Converts UTF-16BE to Shift_JISX0213.

utf16le_to_sjis0213(STRING)
utf16le_to_sjis0213(CODEREF, STRING)

Converts UTF-16LE to Shift_JISX0213.

Characters unmapped to Shift_JISX0213 are deleted, if CODEREF is not specified; otherwise, converted using the CODEREF from its Unicode codepoint (integer).

For example, characters unmapped to Shift_JISX0213 are converted to numerical character references for HTML 4.01.

utf16le_to_sjis0213(sub {sprintf "&#x%04x;", shift}, $utf16LE_string);

BUGS

On mapping between Shift_JISX0213 and Unicode used in this module, notice that:

  • If an authentic mapping would have been published, the mapping by this module will be corrected according to that mapping.

  • 0xFC5A in Shift_JISX0213 is mapped to U+9B1D according to JIS X 0213:2000, while Unicode's Unihan.txt maps it to U+9B1C.

  • 0x81D4 and 0x81D5 in Shift_JISX0213 is mapped in the block of Halfwidth and Fullwidth Forms, not in the block of Miscellaneous Mathematical Symbols-B, according to Shibano's JIS KANJI JITEN, published in June, 2002.

  • The following 25 JIS Non-Kanji characters are not included in Unicode 3.2.0. So they are mapped to each 2 characters in Unicode. These mappings are done round-trippedly for *one Shift_JISX0213 character*. Then round-trippedness for a Shift_JISX0213 *string* is broken. (E.g. Shift_JISX0213 <0x8663> and <0x857B, 0x867B> both are mapped to <U+00E6, U+0300>, and <U+00E6, U+0300> is mapped only to SJIS <0x8663>.)

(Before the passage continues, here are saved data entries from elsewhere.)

(* Let $F:\mathbb{S}^{m_1}\times\mathbb{H}^{m_2}\to\mathbb{H}^{n+1}\subset\mathbb{L}^{n+2}$, $n=m_1+m_2$, be the immersion of a cylinder in the hyperbolic space, with unit normal $N$, with $m_1$ principal curvatures equal to $\kappa_1>1$ and $m_2$ principal curvatures equal to $\kappa_2$, such that $\kappa_1\kappa_2=1$. Then the solution to the mean curvature flow with initial condition $F$ is given by $$\widehat F^t(x)=\cosh(\xi(t))F(x)+\sinh(\xi(t))N(x),$$ where $$\cosh(2\xi(t))=\frac{a\ell(t)-2\sqrt{q(t)}}{a^2-4},\qquad \sinh(2\xi(t))=\frac{2\ell(t)-a\sqrt{q(t)}}{a^2-4},$$ with $q(t)=\ell^2(t)-a^2+4$, $\ell(t)=(a-b)e^{-2nt}+b$, $a=\kappa_1+\kappa_2$ and $b=-\frac{m_1-m_2}{n}(\kappa_1-\kappa_2)$. $\widehat F^t$ is defined for all $t\in(-\infty,t^* )$, where $t^*=\frac{1}{2n}\ln\frac{m_1\kappa_1^2+m_2}{m_1(\kappa_1^2-1)}$, and it collapses into an $m_2$-dimensional focal submanifold at $t^*$.
   Context: $\mathbb{H}^{n+1}$ is the hyperboloid model of hyperbolic space in the Lorentzian space $\mathbb{L}^{n+2}$. Second fundamental form $h(v,w)=-\langle dN(v),dF(w)\rangle$, principal curvatures are its eigenvalues, mean curvature $H=\sum_i\kappa_i$. A family $\widehat F:M\times I\to\mathbb{H}^{n+1}$, $0\in I$, solves the mean curvature flow with initial condition $F$ if $\partial_t\widehat F=\widehat H\widehat N$ and $\widehat F(\cdot,0)=F$, where $\widehat N^t$ is a unit normal of $\widehat F^t$ and $\widehat H^t$ the corresponding mean curvature. *)

theory Defs
  imports "HOL-Analysis.Analysis"
begin

text \<open>Lorentzian space L^{n+2} is modelled as real \<times> 'v with DIM('v) = n+1;
  the first component is the time coordinate.\<close>

definition lor :: "real \<times> 'v::euclidean_space \<Rightarrow> real \<times> 'v \<Rightarrow> real" where
  "lor x y = - fst x * fst y + snd x \<bullet> snd y"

    SJIS0213  Unicode 3.2.0    # Name by JIS X 0213:2000
    
    0x82F5    <U+304B, U+309A> # [HIRAGANA LETTER BIDAKUON NGA]
    0x82F6    <U+304D, U+309A> # [HIRAGANA LETTER BIDAKUON NGI]
    0x82F7    <U+304F, U+309A> # [HIRAGANA LETTER BIDAKUON NGU]
    0x82F8    <U+3051, U+309A> # [HIRAGANA LETTER BIDAKUON NGE]
    0x82F9    <U+3053, U+309A> # [HIRAGANA LETTER BIDAKUON NGO]
    0x8397    <U+30AB, U+309A> # [KATAKANA LETTER BIDAKUON NGA]
    0x8398    <U+30AD, U+309A> # [KATAKANA LETTER BIDAKUON NGI]
    0x8399    <U+30AF, U+309A> # [KATAKANA LETTER BIDAKUON NGU]
    0x839A    <U+30B1, U+309A> # [KATAKANA LETTER BIDAKUON NGE]
    0x839B    <U+30B3, U+309A> # [KATAKANA LETTER BIDAKUON NGO]
    0x839C    <U+30BB, U+309A> # [KATAKANA LETTER AINU CE]
    0x839D    <U+30C4, U+309A> # [KATAKANA LETTER AINU TU(TU)]
    0x839E    <U+30C8, U+309A> # [KATAKANA LETTER AINU TO(TU)]
    0x83F6    <U+31F7, U+309A> # [KATAKANA LETTER AINU P]
    0x8663    <U+00E6, U+0300> # [LATIN SMALL LETTER AE WITH GRAVE]
    0x8667    <U+0254, U+0300> # [LATIN SMALL LETTER OPEN O WITH GRAVE]
    0x8668    <U+0254, U+0301> # [LATIN SMALL LETTER OPEN O WITH ACUTE]
    0x8669    <U+028C, U+0300> # [LATIN SMALL LETTER TURNED V WITH GRAVE]
    0x866A    <U+028C, U+0301> # [LATIN SMALL LETTER TURNED V WITH ACUTE]
    0x866B    <U+0259, U+0300> # [LATIN SMALL LETTER SCHWA WITH GRAVE]
    0x866C    <U+0259, U+0301> # [LATIN SMALL LETTER SCHWA WITH ACUTE]
    0x866D    <U+025A, U+0300> # [LATIN SMALL LETTER HOOKED SCHWA WITH GRAVE]
    0x866E    <U+025A, U+0301> # [LATIN SMALL LETTER HOOKED SCHWA WITH ACUTE]
    0x8685    <U+02E9, U+02E5> # [RISING SYMBOL]
    0x8686    <U+02E5, U+02E9> # [FALLING SYMBOL]

AUTHOR

Tomoyuki SADAHIRO

bqw10602@nifty.com
http://homepage1.nifty.com/nomenclator/perl/

Copyright(C) 2002-2002, SADAHIRO Tomoyuki. Japan. All rights reserved.

This module is free software; you can redistribute it and/or modify it under the same terms as Perl itself.

SEE ALSO

JIS X 0213:2000

7-bit and 8-bit double byte coded extended KANJI sets for information interchange (by JIS Committee)

JIS KANJI JITEN, the revised edition.

edited by Shibano, published by Japanese Standards Association (JSA), 2002, Tokyo [ISBN4-542-20129-5]

http://www.jsa.or.jp/

Japanese Standards Association (access to JIS)

http://www.unicode.org/Public/UNIDATA/Unihan.txt

Unihan database (Unicode version: 3.2.0) by Unicode (c).

http://homepage1.nifty.com/nomenclator/unicode/sjis0213.zip

A mapping table between Shift_JISX0213 and Unicode 3.2.0.

(This table is prepared by me, and with no authority; but through the table, you will know what is to be done by this module.)

ShiftJIS::CP932::MapUTF

conversion between Microsoft Windows CP-932 and Unicode

(The CP932-Unicode mapping is different with the Shift_JISX0213-Unicode mapping, but what you desire may be the former.)